**Assignment:** Find the line containing "drop i (take" in the records below. Copy exactly that line and each one after it, ending at the line containing "b es = take", and nothing more.
━━━━━━━━━━
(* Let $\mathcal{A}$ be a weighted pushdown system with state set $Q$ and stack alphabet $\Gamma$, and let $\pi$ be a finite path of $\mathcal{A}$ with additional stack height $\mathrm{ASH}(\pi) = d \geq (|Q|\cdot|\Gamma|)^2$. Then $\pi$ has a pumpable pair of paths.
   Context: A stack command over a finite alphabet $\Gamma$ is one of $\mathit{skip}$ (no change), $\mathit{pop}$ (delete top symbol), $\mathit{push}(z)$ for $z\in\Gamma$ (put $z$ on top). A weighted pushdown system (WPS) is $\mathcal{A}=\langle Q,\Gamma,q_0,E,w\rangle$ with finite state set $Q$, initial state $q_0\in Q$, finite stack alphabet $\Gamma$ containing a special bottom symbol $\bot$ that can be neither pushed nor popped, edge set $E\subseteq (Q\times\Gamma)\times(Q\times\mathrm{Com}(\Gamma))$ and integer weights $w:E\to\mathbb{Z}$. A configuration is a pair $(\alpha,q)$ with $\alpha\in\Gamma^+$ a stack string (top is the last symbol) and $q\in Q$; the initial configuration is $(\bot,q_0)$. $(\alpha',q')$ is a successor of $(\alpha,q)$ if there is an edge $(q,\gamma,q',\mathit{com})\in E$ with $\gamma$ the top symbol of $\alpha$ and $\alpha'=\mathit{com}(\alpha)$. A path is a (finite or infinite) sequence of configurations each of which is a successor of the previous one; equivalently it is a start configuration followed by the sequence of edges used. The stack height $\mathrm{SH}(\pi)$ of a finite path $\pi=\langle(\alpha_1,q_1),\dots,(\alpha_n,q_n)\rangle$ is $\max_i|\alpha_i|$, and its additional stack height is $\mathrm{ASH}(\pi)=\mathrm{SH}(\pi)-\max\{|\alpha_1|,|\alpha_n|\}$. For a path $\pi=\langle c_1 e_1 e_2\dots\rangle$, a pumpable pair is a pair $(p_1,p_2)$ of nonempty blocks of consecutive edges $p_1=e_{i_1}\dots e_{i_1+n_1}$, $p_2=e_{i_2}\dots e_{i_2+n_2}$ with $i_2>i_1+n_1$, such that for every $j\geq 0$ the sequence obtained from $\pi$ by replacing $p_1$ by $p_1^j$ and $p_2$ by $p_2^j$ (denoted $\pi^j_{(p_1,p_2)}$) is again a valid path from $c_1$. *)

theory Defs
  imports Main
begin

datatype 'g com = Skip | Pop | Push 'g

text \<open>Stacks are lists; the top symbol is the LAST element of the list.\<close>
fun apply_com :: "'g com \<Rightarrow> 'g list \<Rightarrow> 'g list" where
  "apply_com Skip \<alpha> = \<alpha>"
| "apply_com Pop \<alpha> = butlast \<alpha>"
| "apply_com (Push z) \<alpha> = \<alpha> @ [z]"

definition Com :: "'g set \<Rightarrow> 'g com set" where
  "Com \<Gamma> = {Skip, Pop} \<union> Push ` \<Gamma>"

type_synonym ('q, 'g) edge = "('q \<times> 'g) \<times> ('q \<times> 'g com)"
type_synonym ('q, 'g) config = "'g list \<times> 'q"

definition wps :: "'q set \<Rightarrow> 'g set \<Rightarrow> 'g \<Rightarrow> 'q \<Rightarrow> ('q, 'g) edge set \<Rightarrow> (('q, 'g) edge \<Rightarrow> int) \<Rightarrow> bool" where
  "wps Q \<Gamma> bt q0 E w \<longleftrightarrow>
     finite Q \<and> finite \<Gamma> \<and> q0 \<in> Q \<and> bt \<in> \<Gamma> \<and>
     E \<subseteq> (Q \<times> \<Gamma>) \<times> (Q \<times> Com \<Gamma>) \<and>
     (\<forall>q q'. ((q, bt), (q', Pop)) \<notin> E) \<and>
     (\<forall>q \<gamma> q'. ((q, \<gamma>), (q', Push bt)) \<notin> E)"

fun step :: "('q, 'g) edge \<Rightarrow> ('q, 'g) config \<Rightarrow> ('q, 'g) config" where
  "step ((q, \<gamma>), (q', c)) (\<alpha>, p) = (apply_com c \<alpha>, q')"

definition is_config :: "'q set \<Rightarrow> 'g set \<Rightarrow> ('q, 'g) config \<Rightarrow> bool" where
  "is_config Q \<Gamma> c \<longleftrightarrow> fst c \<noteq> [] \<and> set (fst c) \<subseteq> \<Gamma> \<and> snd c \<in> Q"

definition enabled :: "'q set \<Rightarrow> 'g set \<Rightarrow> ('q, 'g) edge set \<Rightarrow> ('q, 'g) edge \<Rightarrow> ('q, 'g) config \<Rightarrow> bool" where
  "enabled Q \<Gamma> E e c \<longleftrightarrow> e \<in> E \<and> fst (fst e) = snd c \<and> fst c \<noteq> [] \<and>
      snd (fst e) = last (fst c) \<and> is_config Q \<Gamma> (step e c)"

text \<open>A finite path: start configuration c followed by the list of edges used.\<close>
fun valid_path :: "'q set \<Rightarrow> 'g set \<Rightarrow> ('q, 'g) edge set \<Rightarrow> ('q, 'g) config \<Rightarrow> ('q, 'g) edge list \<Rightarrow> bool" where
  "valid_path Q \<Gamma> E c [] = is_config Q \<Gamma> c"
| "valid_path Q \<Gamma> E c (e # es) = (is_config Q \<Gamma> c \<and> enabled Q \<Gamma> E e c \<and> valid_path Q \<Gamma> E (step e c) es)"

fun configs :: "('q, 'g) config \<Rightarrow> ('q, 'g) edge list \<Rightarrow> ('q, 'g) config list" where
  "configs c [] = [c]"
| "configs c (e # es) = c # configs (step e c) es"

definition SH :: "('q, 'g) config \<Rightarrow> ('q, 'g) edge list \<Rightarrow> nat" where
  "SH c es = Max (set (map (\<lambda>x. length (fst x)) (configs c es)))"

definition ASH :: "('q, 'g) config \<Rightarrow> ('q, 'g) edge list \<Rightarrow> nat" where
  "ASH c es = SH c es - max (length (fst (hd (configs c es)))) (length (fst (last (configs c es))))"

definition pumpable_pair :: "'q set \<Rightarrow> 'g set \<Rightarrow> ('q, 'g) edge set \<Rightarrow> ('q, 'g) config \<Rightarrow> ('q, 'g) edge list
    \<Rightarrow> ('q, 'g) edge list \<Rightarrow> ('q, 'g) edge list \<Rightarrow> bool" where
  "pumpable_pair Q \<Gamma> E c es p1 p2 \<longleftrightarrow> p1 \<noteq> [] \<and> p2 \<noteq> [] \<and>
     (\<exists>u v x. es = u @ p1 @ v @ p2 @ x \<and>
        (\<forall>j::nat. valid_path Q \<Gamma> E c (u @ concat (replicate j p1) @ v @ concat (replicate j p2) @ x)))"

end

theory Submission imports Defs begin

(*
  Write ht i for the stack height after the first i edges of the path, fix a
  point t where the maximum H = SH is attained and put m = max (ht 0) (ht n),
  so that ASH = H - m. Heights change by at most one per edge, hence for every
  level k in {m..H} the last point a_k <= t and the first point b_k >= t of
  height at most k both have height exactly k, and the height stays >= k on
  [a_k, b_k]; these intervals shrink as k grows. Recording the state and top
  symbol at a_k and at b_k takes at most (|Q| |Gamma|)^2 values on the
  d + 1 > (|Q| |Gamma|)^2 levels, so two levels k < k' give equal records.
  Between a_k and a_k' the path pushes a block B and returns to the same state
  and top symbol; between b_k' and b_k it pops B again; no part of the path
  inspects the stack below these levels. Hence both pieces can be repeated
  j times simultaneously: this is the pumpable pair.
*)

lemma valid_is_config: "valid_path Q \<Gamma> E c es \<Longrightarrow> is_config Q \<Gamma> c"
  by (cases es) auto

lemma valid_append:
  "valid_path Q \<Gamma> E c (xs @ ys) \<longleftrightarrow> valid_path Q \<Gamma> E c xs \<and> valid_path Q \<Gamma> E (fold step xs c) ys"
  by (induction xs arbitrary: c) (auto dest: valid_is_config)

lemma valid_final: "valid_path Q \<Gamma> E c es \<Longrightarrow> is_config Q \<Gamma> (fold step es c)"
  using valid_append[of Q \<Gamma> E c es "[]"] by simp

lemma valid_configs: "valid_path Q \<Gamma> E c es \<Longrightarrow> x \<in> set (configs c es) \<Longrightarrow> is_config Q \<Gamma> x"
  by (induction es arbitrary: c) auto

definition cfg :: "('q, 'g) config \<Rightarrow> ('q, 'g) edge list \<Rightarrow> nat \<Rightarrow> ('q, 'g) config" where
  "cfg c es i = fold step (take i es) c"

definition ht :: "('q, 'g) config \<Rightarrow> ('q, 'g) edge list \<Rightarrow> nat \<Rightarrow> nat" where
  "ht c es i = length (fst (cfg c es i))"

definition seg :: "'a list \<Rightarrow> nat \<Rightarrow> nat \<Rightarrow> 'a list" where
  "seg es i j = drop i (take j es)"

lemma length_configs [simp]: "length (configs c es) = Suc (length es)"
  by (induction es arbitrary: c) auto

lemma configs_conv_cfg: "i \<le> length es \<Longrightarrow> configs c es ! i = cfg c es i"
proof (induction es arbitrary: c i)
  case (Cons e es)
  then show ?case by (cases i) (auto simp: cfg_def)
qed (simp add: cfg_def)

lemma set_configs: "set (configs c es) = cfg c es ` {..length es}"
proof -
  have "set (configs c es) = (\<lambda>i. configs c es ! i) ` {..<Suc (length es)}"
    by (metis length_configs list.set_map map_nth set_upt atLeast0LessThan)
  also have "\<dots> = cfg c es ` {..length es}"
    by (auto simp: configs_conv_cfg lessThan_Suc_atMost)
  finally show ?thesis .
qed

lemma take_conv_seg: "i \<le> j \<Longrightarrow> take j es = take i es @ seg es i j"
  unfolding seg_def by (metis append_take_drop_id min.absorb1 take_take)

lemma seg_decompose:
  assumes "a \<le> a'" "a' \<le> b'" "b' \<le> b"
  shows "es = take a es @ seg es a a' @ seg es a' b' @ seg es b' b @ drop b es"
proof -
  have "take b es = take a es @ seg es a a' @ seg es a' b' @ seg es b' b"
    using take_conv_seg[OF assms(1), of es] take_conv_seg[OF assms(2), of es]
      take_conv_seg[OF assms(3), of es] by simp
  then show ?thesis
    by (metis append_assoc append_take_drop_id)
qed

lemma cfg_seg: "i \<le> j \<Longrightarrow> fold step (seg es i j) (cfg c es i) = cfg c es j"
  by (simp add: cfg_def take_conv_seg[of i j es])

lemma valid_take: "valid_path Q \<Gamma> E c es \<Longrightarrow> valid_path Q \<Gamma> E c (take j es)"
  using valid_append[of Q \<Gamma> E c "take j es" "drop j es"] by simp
━━━━━━━━━━
**Your response:**
  "seg es i j = drop i (take j es)"

lemma length_configs [simp]: "length (configs c es) = Suc (length es)"
  by (induction es arbitrary: c) auto

lemma configs_conv_cfg: "i \<le> length es \<Longrightarrow> configs c es ! i = cfg c es i"
proof (induction es arbitrary: c i)
  case (Cons e es)
  then show ?case by (cases i) (auto simp: cfg_def)
qed (simp add: cfg_def)

lemma set_configs: "set (configs c es) = cfg c es ` {..length es}"
proof -
  have "set (configs c es) = (\<lambda>i. configs c es ! i) ` {..<Suc (length es)}"
    by (metis length_configs list.set_map map_nth set_upt atLeast0LessThan)
  also have "\<dots> = cfg c es ` {..length es}"
    by (auto simp: configs_conv_cfg lessThan_Suc_atMost)
  finally show ?thesis .
qed

lemma take_conv_seg: "i \<le> j \<Longrightarrow> take j es = take i es @ seg es i j"
  unfolding seg_def by (metis append_take_drop_id min.absorb1 take_take)

lemma seg_decompose:
  assumes "a \<le> a'" "a' \<le> b'" "b' \<le> b"
  shows "es = take a es @ seg es a a' @ seg es a' b' @ seg es b' b @ drop b es"
proof -
  have "take b es = take a es @ seg es a a' @ seg es a' b' @ seg es b' b"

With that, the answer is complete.